Every line below that has the string "shows" adds one to the count. Give that count by itself.
*** Block opens ***
lemma cyclic_succ_atLeastAtMost:
  assumes "cyclic_succ {1..m} x y"
  shows "(1 \<le> x \<and> x < m \<and> y = Suc x) \<or> (x = m \<and> y = 1)"
proof -
  have xy: "1 \<le> x" "x \<le> m" "1 \<le> y" "y \<le> m"
    using assms unfolding cyclic_succ_def by auto
  from assms consider "x < y" "\<forall>z\<in>{1..m}. \<not> (x < z \<and> z < y)" | "y < x" "\<forall>z\<in>{1..m}. y \<le> z \<and> z \<le> x"
    unfolding cyclic_succ_def by blast
  then show ?thesis
  proof cases
    case 1
    then have "\<not> (x < Suc x \<and> Suc x < y)"
      using xy by auto
    then show ?thesis
      using xy 1 by auto
  next
    case 2
    then have "y \<le> 1" "m \<le> x"
      using xy by auto
    then show ?thesis
      using xy by auto
  qed
qed

lemma diagonal_on_atLeastAtMost_iff: "diagonal_on {1..m} d \<longleftrightarrow> is_diagonal m d"
proof (cases d)
  case (Pair a b)
  show ?thesis
  proof
    assume "diagonal_on {1..m} d"
    then show "is_diagonal m d"
      unfolding Pair diagonal_on_def is_diagonal_def by auto
  next
    assume diag: "is_diagonal m d"
    have "\<exists>x\<in>{1..m}. x < a \<or> b < x"
    proof (cases "a = 1")
      case True
      then show ?thesis
        using diag unfolding Pair is_diagonal_def by (intro bexI[of _ m]) auto
    next
      case False
      then show ?thesis
        using diag unfolding Pair is_diagonal_def by (intro bexI[of _ 1]) auto
    qed
    then show "diagonal_on {1..m} d"
      using diag unfolding Pair diagonal_on_def is_diagonal_def by (auto intro!: bexI[of _ "Suc a"])
  qed
qed

lemma triangulation_on_atLeastAtMost_iff: "triangulation_on {1..m} T \<longleftrightarrow> polygon_triangulation m T"
  unfolding triangulation_on_def polygon_triangulation_def diagonal_on_atLeastAtMost_iff by blast

lemma frieze_entry_eq_0_iff:
  "1 \<le> i \<Longrightarrow> i + 2 \<le> j \<Longrightarrow> frieze_entry cs i j = 0 \<longleftrightarrow> frieze_colour cs i = frieze_colour cs j"
  by (simp add: frieze_entry_eq_det2 frieze_colour_eq_iff)

lemma proper_colouring_frieze_colour:
  assumes "quiddity_cycle cs"
  shows "proper_colouring {1..length cs} (frieze_colour cs)"
  unfolding proper_colouring_def
proof (intro allI impI)
  fix x y
  assume "cyclic_succ {1..length cs} x y"
  then consider "1 \<le> x" "y = Suc x" | "x = length cs" "y = 1"
    using cyclic_succ_atLeastAtMost by blast
  then show "frieze_colour cs x \<noteq> frieze_colour cs y"
  proof cases
    case 2
    then show ?thesis
      using frieze_colour_Suc[of "length cs" cs] frieze_colour_add_length[OF assms, of 1]
        quiddity_cycle_nonempty[OF assms] by (simp add: Suc_le_eq)
  qed (simp add: frieze_colour_Suc)
qed

lemma card_frieze_colours:
  assumes "quiddity_cycle cs" "\<exists>x\<in>set cs. x \<noteq> 0"
  shows "card (frieze_colour cs ` {1..length cs}) \<ge> 3"
proof -
  obtain i where "i < length cs" "cs ! i \<noteq> 0"
    using assms(2) by (auto simp: in_set_conv_nth)
  then have "cper cs (Suc i) \<noteq> 0"
    by (simp add: cper_def)
  then have "frieze_colour cs (Suc i) \<noteq> frieze_colour cs (Suc (Suc (Suc i)))"
    by (simp add: frieze_colour_Suc_Suc)
  moreover have "frieze_colour cs k \<in> frieze_colour cs ` {1..length cs}" if "1 \<le> k" for k
    using frieze_colour_in_range[OF assms(1) that] .
  moreover have "frieze_colour cs (Suc i) \<noteq> frieze_colour cs (Suc (Suc i))"
    "frieze_colour cs (Suc (Suc i)) \<noteq> frieze_colour cs (Suc (Suc (Suc i)))"
    by (simp_all add: frieze_colour_Suc)
  ultimately show ?thesis
    using card_ge_3_if_distinct[of "frieze_colour cs ` {1..length cs}" "frieze_colour cs (Suc i)"
        "frieze_colour cs (Suc (Suc i))" "frieze_colour cs (Suc (Suc (Suc i)))"]
    by simp
qed

theorem theorem5p4:
  fixes cs :: "complex list" and m :: nat
  assumes "m \<ge> 4" and "length cs = m"
    and "quiddity_cycle cs"
    and "\<exists>x\<in>set cs. x \<noteq> 0"
  shows "\<exists>T. polygon_triangulation m T \<and> (\<forall>(i, j)\<in>T. frieze_entry cs i j \<noteq> 0)"
proof -
  obtain T where T: "triangulation_on {1..m} T"
    and bichromatic: "\<forall>(i, j)\<in>T. frieze_colour cs i \<noteq> frieze_colour cs j"
    using proper_colouring_triangulation[of "{1..m}" "frieze_colour cs"]
      proper_colouring_frieze_colour[OF assms(3)] card_frieze_colours[OF assms(3,4)] assms(1,2)
    by auto
  have "1 \<le> i \<and> i + 2 \<le> j" if "(i, j) \<in> T" for i j
    using T that unfolding triangulation_on_def diagonal_on_atLeastAtMost_iff is_diagonal_def by auto
  then have "\<forall>(i, j)\<in>T. frieze_entry cs i j \<noteq> 0"
    using bichromatic frieze_entry_eq_0_iff by auto
  then show ?thesis
    using T triangulation_on_atLeastAtMost_iff by blast
qed

end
*** Block closes ***
- _Solution to the exercise_:
4